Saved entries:
definition centered_gaussian_rv :: "'w measure \<Rightarrow> ('w \<Rightarrow> real) \<Rightarrow> bool" where
  "centered_gaussian_rv M Y \<longleftrightarrow>
     Y \<in> borel_measurable M \<and>
     ((AE \<omega> in M. Y \<omega> = 0) \<or> (\<exists>\<sigma>>0. distributed M lborel Y (normal_density 0 \<sigma>)))"

definition centered_gaussian_field :: "'w measure \<Rightarrow> ('a \<Rightarrow> 'w \<Rightarrow> real) \<Rightarrow> bool" where
  "centered_gaussian_field M X \<longleftrightarrow>
     (\<forall>t. X t \<in> borel_measurable M) \<and>
     (\<forall>F c. finite F \<longrightarrow> centered_gaussian_rv M (\<lambda>\<omega>. \<Sum>t\<in>F. c t * X t \<omega>))"

definition paths :: "'a::real_normed_vector \<Rightarrow> 'a \<Rightarrow> (real \<Rightarrow> 'a) set" where
  "paths a b = {\<xi>. continuous_on {0..1} \<xi> \<and> \<xi> 0 = a \<and> \<xi> 1 = b}"

definition prob_measures_01 :: "real measure set" where
  "prob_measures_01 = {\<mu>. prob_space \<mu> \<and> sets \<mu> = sets (restrict_space borel {0..1})}"

definition path_energy :: "(real \<Rightarrow> real) \<Rightarrow> (real \<Rightarrow> 'a::real_normed_vector) \<Rightarrow> real" where
  "path_energy R \<xi> = (INF \<mu>\<in>prob_measures_01.
      \<integral>u. (\<integral>v. R (norm (\<xi> u - \<xi> v)) \<partial>\<mu>) \<partial>\<mu>)"

end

◆ **ASSIGNMENT**: All lines from the line containing "R \<xi> = (INF \<mu>\<in>prob_measures_01." through the last line of the data are to be repeated exactly; no other line belongs in the answer.

◆ **RESPONSE TO THIS EXERCISE**:
  "path_energy R \<xi> = (INF \<mu>\<in>prob_measures_01.
      \<integral>u. (\<integral>v. R (norm (\<xi> u - \<xi> v)) \<partial>\<mu>) \<partial>\<mu>)"

end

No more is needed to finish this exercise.